Most users never run these directly — the daemon auto-spawns on first workspace create and auto-exits after the idle timer fires (default 30s after the last workspace is deleted). When you need to intervene — typically during development, when you want code changes to take effect:
mirage daemon status              # health, PID, uptime, workspace count
mirage daemon stop                # graceful: trip exit event, falls back to SIGTERM after --timeout (default 5s)
mirage daemon restart             # stop + lazy respawn (add --eager to spawn now)
mirage daemon kill                # SIGKILL via PID file -- last resort
VerbWhat it does
mirage daemon statusDaemon health, PID, uptime, workspace count. Exit 1 if daemon not reachable.

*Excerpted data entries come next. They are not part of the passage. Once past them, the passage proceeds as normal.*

lemma eigenvalue_map_of_real_symmetric_iff:
  assumes "A \<in> carrier_mat n n" and "transpose_mat A = A"
  shows "eigenvalue (map_mat complex_of_real A) k \<longleftrightarrow> (\<exists>c. k = of_real c \<and> eigenvalue A c)"
  using assms real_symmetric_eigenvalue_in_Reals eigenvalue_map_of_real_iff by (metis Reals_cases)

lemma eigenvalue_agf_mat_iff:
  assumes Q: "Q \<in> carrier_mat n n" and sym: "transpose_mat Q = Q" and c0: "eigenvalue Q c0"
  shows "eigenvalue (map_mat complex_of_real (agf_mat \<alpha> \<beta> \<gamma> Q)) \<mu>
    \<longleftrightarrow> (\<exists>c. eigenvalue Q c \<and> \<mu>\<^sup>2 + of_real (1 - \<beta> + \<gamma> * (\<alpha> * c)) * \<mu> + of_real (\<alpha> * c) = 0)"
proof -
  have "eigenvalue (map_mat complex_of_real (agf_mat \<alpha> \<beta> \<gamma> Q)) \<mu>
    \<longleftrightarrow> (\<exists>k. eigenvalue (map_mat complex_of_real Q) k
          \<and> \<mu>\<^sup>2 + (of_real (1 - \<beta>) + of_real (\<gamma> * \<alpha>) * k) * \<mu> + of_real \<alpha> * k = 0)"
    unfolding map_mat_agf_mat[OF Q]
    by (rule eigenvalue_second_order_block_iff)
      (use Q c0 eigenvalue_map_of_real_iff in auto)
  also have "\<dots> \<longleftrightarrow> (\<exists>c. eigenvalue Q c
      \<and> \<mu>\<^sup>2 + of_real (1 - \<beta> + \<gamma> * (\<alpha> * c)) * \<mu> + of_real (\<alpha> * c) = 0)"
    by (auto simp: eigenvalue_map_of_real_symmetric_iff[OF Q sym] algebra_simps)
  finally show ?thesis .
qed

text \<open>Here \<open>c\<close> stands for \<open>\<alpha>\<close> times an eigenvalue of \<open>Q\<close>.\<close>

definition mode_decays_at_rate :: "real \<Rightarrow> real \<Rightarrow> real \<Rightarrow> real \<Rightarrow> bool" where
  "mode_decays_at_rate \<beta> \<gamma> \<rho> c \<longleftrightarrow>
     (\<forall>s::complex. s\<^sup>2 + of_real (1 - \<beta> + \<gamma> * c) * s + of_real c = 0 \<longrightarrow> Re s \<le> - \<rho>)"

lemma mode_decays_at_rate_iff:
  "mode_decays_at_rate \<beta> \<gamma> \<rho> c \<longleftrightarrow> 2 * \<rho> \<le> 1 - \<beta> + \<gamma> * c \<and> 0 \<le> \<rho>\<^sup>2 - (1 - \<beta> + \<gamma> * c) * \<rho> + c"
  unfolding mode_decays_at_rate_def by (rule quadratic_roots_Re_le_iff)

lemma agf_exp_stable_iff_modes:
  "agf_exp_stable n m L \<alpha> \<beta> \<gamma> \<rho> \<longleftrightarrow>
    0 < \<rho> \<and> (\<forall>Q q c. in_QmL n m L Q q \<longrightarrow> eigenvalue Q c \<longrightarrow> mode_decays_at_rate \<beta> \<gamma> \<rho> (\<alpha> * c))"
proof -
  have "(\<forall>\<mu>. eigenvalue (map_mat complex_of_real (agf_mat \<alpha> \<beta> \<gamma> Q)) \<mu> \<longrightarrow> Re \<mu> \<le> - \<rho>)
    \<longleftrightarrow> (\<forall>c. eigenvalue Q c \<longrightarrow> mode_decays_at_rate \<beta> \<gamma> \<rho> (\<alpha> * c))"
    if "in_QmL n m L Q q" for Q q
    using that eigenvalue_agf_mat_iff[of Q n m \<alpha> \<beta> \<gamma>]
    unfolding in_QmL_def mode_decays_at_rate_def by blast
  then show ?thesis
    unfolding agf_exp_stable_def by blast
qed

lemma affine_nonneg_between:
  fixes u w a b c :: real
  assumes "0 \<le> u + w * a" and "0 \<le> u + w * b" and "a \<le> c" and "c \<le> b"
  shows "0 \<le> u + w * c"
proof (cases "0 \<le> w")
  case True
  have "w * a \<le> w * c"
    using \<open>a \<le> c\<close> True by (rule mult_left_mono)
  with assms(1) show ?thesis by linarith
next
  case False
  then have "w * b \<le> w * c"
    using \<open>c \<le> b\<close> by (simp add: mult_left_mono_neg)
  with assms(2) show ?thesis by linarith
qed

lemma mode_decays_at_rate_between:
  assumes "mode_decays_at_rate \<beta> \<gamma> \<rho> a" and "mode_decays_at_rate \<beta> \<gamma> \<rho> b"
    and "a \<le> c" and "c \<le> b"
  shows "mode_decays_at_rate \<beta> \<gamma> \<rho> c"
proof -
  have shifted: "\<rho>\<^sup>2 - (1 - \<beta> + \<gamma> * x) * \<rho> + x = (\<rho>\<^sup>2 - (1 - \<beta>) * \<rho>) + (1 - \<gamma> * \<rho>) * x" for x
    by (simp add: algebra_simps)
  have "0 \<le> (1 - \<beta> - 2 * \<rho>) + \<gamma> * x \<and> 0 \<le> (\<rho>\<^sup>2 - (1 - \<beta>) * \<rho>) + (1 - \<gamma> * \<rho>) * x"
    if "mode_decays_at_rate \<beta> \<gamma> \<rho> x" for x
    using that unfolding mode_decays_at_rate_iff shifted by auto
  then have "0 \<le> (1 - \<beta> - 2 * \<rho>) + \<gamma> * c \<and> 0 \<le> (\<rho>\<^sup>2 - (1 - \<beta>) * \<rho>) + (1 - \<gamma> * \<rho>) * c"
    using assms affine_nonneg_between[of _ _ a b c] by meson
  then show ?thesis
    unfolding mode_decays_at_rate_iff shifted by auto
qed

lemma mode_decays_at_rate_sq_le:
  assumes "0 \<le> \<rho>" and "mode_decays_at_rate \<beta> \<gamma> \<rho> c"
  shows "\<rho>\<^sup>2 \<le> c"
proof -
  have "2 * \<rho> \<le> 1 - \<beta> + \<gamma> * c" and "0 \<le> \<rho>\<^sup>2 - (1 - \<beta> + \<gamma> * c) * \<rho> + c"
    using assms(2) unfolding mode_decays_at_rate_iff by auto
  moreover have "2 * \<rho> * \<rho> \<le> (1 - \<beta> + \<gamma> * c) * \<rho>"
    using calculation(1) assms(1) by (rule mult_right_mono)
  ultimately show ?thesis
    by (simp add: power2_eq_square)
qed

section \<open>The class \<open>Q_m^L\<close>\<close>

lemma mat_diag_mult_vec:
  assumes "x \<in> carrier_vec n"
  shows "mat_diag n d *\<^sub>v x = vec n (\<lambda>i. d i * x $ i)"
proof (intro eq_vecI)
  fix i
  assume "i < dim_vec (vec n (\<lambda>i. d i * x $ i))"
  then have i: "i < n" by simp
  have "(mat_diag n d *\<^sub>v x) $ i = (\<Sum>j\<in>{0..<n}. (if i = j then d j else 0) * x $ j)"
    using assms i by (simp add: mat_diag_def scalar_prod_def)
  also have "\<dots> = (\<Sum>j\<in>{0..<n}. if j = i then d i * x $ i else 0)"
    by (rule sum.cong) auto
  also have "\<dots> = d i * x $ i"
    using i by simp
  finally show "(mat_diag n d *\<^sub>v x) $ i = vec n (\<lambda>i. d i * x $ i) $ i"
    using i by simp
qed (simp add: mat_diag_def)

lemma eigenvalue_mat_diag_iff:
  fixes d :: "nat \<Rightarrow> 'a :: field"
  shows "eigenvalue (mat_diag n d) k \<longleftrightarrow> (\<exists>i<n. d i = k)"
proof
  assume "eigenvalue (mat_diag n d) k"
  then obtain x where x: "x \<in> carrier_vec n" "x \<noteq> 0\<^sub>v n" and dx: "mat_diag n d *\<^sub>v x = k \<cdot>\<^sub>v x"
    unfolding eigenvalue_def eigenvector_def by (auto simp: mat_diag_def)
  obtain i where i: "i < n" "x $ i \<noteq> 0"
    using x by (metis carrier_vecD eq_vecI index_zero_vec(1,2))
  have "d i * x $ i = k * x $ i"
    using arg_cong[OF dx, of "\<lambda>v. v $ i"] x i by (simp add: mat_diag_mult_vec)
  with i show "\<exists>i<n. d i = k"
    by auto
next
  assume "\<exists>i<n. d i = k"
  then obtain i where i: "i < n" "d i = k"
    by blast
  have "mat_diag n d *\<^sub>v unit_vec n i = k \<cdot>\<^sub>v unit_vec n i"
    using i by (intro eq_vecI) (auto simp: mat_diag_mult_vec)
  moreover have "unit_vec n i \<noteq> (0\<^sub>v n :: 'a vec)"
    using i by (metis index_unit_vec(1) index_zero_vec(1) zero_neq_one)
  ultimately show "eigenvalue (mat_diag n d) k"
    unfolding eigenvalue_def eigenvector_def by (intro exI[of _ "unit_vec n i"]) (simp add: mat_diag_def)
qed

lemma mat_diag_positive_definite:
  fixes d :: "nat \<Rightarrow> real"
  assumes d: "\<And>i. i < n \<Longrightarrow> 0 < d i" and x: "x \<in> carrier_vec n" "x \<noteq> 0\<^sub>v n"
  shows "0 < x \<bullet> (mat_diag n d *\<^sub>v x)"
proof -
  obtain i where i: "i < n" "x $ i \<noteq> 0"
    using x by (metis carrier_vecD eq_vecI index_zero_vec(1,2))
  have "x \<bullet> (mat_diag n d *\<^sub>v x) = (\<Sum>j\<in>{0..<n}. d j * (x $ j)\<^sup>2)"
    using x by (simp add: mat_diag_mult_vec scalar_prod_def power2_eq_square algebra_simps)
  also have "\<dots> > 0"
    by (rule sum_pos2[of _ i]) (use i d in \<open>auto simp: less_imp_le\<close>)
  finally show ?thesis .
qed

lemma in_QmL_mat_diag:
  assumes "0 < m" and "m \<le> L" and "1 \<le> n" and "m < L \<Longrightarrow> 2 \<le> n"
  shows "in_QmL n m L (mat_diag n (\<lambda>i. if i = 0 then L else m)) (0\<^sub>v n)"
proof -
  let ?d = "\<lambda>i. if i = 0 then L else m"
  have eigenvalues: "eigenvalue (mat_diag n ?d) c \<longleftrightarrow> (\<exists>i<n. ?d i = c)" for c
    by (rule eigenvalue_mat_diag_iff)
  have "?d (n - 1) = m"
  proof (cases "m < L")
    case True
    with assms(4) show ?thesis by simp
  next
    case False
    with assms(2) show ?thesis by simp
  qed
  moreover have "n - 1 < n"
    using assms(3) by simp
  ultimately have "eigenvalue (mat_diag n ?d) m"
    unfolding eigenvalues by blast
  moreover have "eigenvalue (mat_diag n ?d) L"
    using assms(3) unfolding eigenvalues by auto
  moreover have "m \<le> c \<and> c \<le> L" if "eigenvalue (mat_diag n ?d) c" for c
    using that assms(2) unfolding eigenvalues by auto
  moreover have "transpose_mat (mat_diag n ?d) = mat_diag n ?d"
    by (intro eq_matI) (auto simp: mat_diag_def)
  moreover have "0 < x \<bullet> (mat_diag n ?d *\<^sub>v x)" if "x \<in> carrier_vec n" "x \<noteq> 0\<^sub>v n" for x
    using assms(1,2) that by (intro mat_diag_positive_definite) auto
  ultimately show ?thesis
    unfolding in_QmL_def by (simp add: mat_diag_dim)
qed

lemma agf_exp_stable_iff_extreme_modes:
  assumes "0 < m" and "m \<le> L" and "1 \<le> n" and "m < L \<Longrightarrow> 2 \<le> n" and "0 < \<alpha>"
  shows "agf_exp_stable n m L \<alpha> \<beta> \<gamma> \<rho> \<longleftrightarrow>
    0 < \<rho> \<and> mode_decays_at_rate \<beta> \<gamma> \<rho> (\<alpha> * m) \<and> mode_decays_at_rate \<beta> \<gamma> \<rho> (\<alpha> * L)"
  unfolding agf_exp_stable_iff_modes
proof
  let ?W = "mat_diag n (\<lambda>i. if i = 0 then L else m)"
  have witness: "in_QmL n m L ?W (0\<^sub>v n)"
    using assms(1-4) by (rule in_QmL_mat_diag)
  then have "eigenvalue ?W m" and "eigenvalue ?W L"
    unfolding in_QmL_def by simp_all
  moreover assume "0 < \<rho> \<and> (\<forall>Q q c. in_QmL n m L Q q \<longrightarrow> eigenvalue Q c \<longrightarrow> mode_decays_at_rate \<beta> \<gamma> \<rho> (\<alpha> * c))"
  ultimately show "0 < \<rho> \<and> mode_decays_at_rate \<beta> \<gamma> \<rho> (\<alpha> * m) \<and> mode_decays_at_rate \<beta> \<gamma> \<rho> (\<alpha> * L)"
    using witness by blast
next
  assume extreme: "0 < \<rho> \<and> mode_decays_at_rate \<beta> \<gamma> \<rho> (\<alpha> * m) \<and> mode_decays_at_rate \<beta> \<gamma> \<rho> (\<alpha> * L)"
  have "mode_decays_at_rate \<beta> \<gamma> \<rho> (\<alpha> * c)" if "in_QmL n m L Q q" and "eigenvalue Q c" for Q q c
  proof (rule mode_decays_at_rate_between[of \<beta> \<gamma> \<rho> "\<alpha> * m" "\<alpha> * L"])
    have "m \<le> c" and "c \<le> L"
      using that unfolding in_QmL_def by auto
    with assms(5) show "\<alpha> * m \<le> \<alpha> * c" and "\<alpha> * c \<le> \<alpha> * L"
      by simp_all
  qed (use extreme in auto)
  with extreme show "0 < \<rho> \<and> (\<forall>Q q c. in_QmL n m L Q q \<longrightarrow> eigenvalue Q c \<longrightarrow> mode_decays_at_rate \<beta> \<gamma> \<rho> (\<alpha> * c))"
    by blast
qed

lemma agf_exp_stable_normalized_iff:
  assumes "0 < m" and "m \<le> L" and "1 \<le> n" and "m < L \<Longrightarrow> 2 \<le> n" and \<kappa>: "L / m = r\<^sup>2"
  shows "agf_exp_stable n m L (1 / L) \<beta> \<gamma> \<rho> \<longleftrightarrow>
    0 < \<rho> \<and> mode_decays_at_rate \<beta> \<gamma> \<rho> (1 / r\<^sup>2) \<and> mode_decays_at_rate \<beta> \<gamma> \<rho> 1"
proof -
  have "1 / L * m = 1 / (L / m)" and "1 / L * L = 1"
    using assms(1,2) by simp_all
  then show ?thesis
    unfolding \<kappa> using agf_exp_stable_iff_extreme_modes[OF assms(1-4), of "1 / L"] assms(1,2) by simp
qed

section \<open>Optimal parameters\<close>

lemma optimal_parameters_modes:
  assumes r: "1 \<le> r" and v: "0 \<le> v" "v \<le> 1"
  shows "mode_decays_at_rate (1 + (v - 2) / r) (v * r) (1 / r) (1 / r\<^sup>2)"
    and "mode_decays_at_rate (1 + (v - 2) / r) (v * r) (1 / r) 1"
proof -
  have "1 - (1 + (v - 2) / r) + v * r * (1 / r\<^sup>2) = 2 / r"
    using r by (simp add: field_simps power2_eq_square)
  then show "mode_decays_at_rate (1 + (v - 2) / r) (v * r) (1 / r) (1 / r\<^sup>2)"
    unfolding mode_decays_at_rate_iff by (simp add: power2_eq_square)
  have "1 \<le> r\<^sup>2"
    using r by (rule one_le_power)
  then have "0 \<le> r - 1 / r" and "0 \<le> 1 - 1 / r\<^sup>2"
    using r by (simp_all add: field_simps power2_eq_square)
  moreover have "1 - (1 + (v - 2) / r) + v * r * 1 - 2 * (1 / r) = v * (r - 1 / r)"
    and "(1 / r)\<^sup>2 - (1 - (1 + (v - 2) / r) + v * r * 1) * (1 / r) + 1 = (1 - v) * (1 - 1 / r\<^sup>2)"
    using r by (simp_all add: field_simps power2_eq_square)
  ultimately show "mode_decays_at_rate (1 + (v - 2) / r) (v * r) (1 / r) 1"
    unfolding mode_decays_at_rate_iff using v by (smt (verit) mult_nonneg_nonneg)
qed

mirage daemon stopPOST /v1/shutdown to trip the daemon’s exit event. Daemon snapshots active workspaces (if persist_dir set), closes them, exits. Falls back to SIGTERM on --timeout.
mirage daemon restartStop, then either wait for next workspace create to auto-spawn (default) or --eager to spawn immediately. Workspaces are LOST unless persist_dir is configured.
mirage daemon killSIGKILL via PID file at ~/.mirage/daemon.pid. Skips graceful shutdown — use only when stop hangs.
When you change Mirage’s source code (commands, providers, etc.), the running daemon won’t see your changes — it loaded the old code at startup. Run mirage daemon restart to pick up new code. Same situation as dockerd after recompiling Docker.

Where the daemon lives

Most users never need to think about the daemon. If you do:
  • It listens on http://127.0.0.1:8765 by default.
  • Override via MIRAGE_DAEMON_URL env var or ~/.mirage/config.toml:
    [daemon]
    url                = "http://127.0.0.1:8765"
    idle_grace_seconds = 30
    
  • Logs go to ~/.mirage/daemon.log when the CLI auto-spawns it.
  • It exits 30 seconds after the workspace count hits zero (configurable).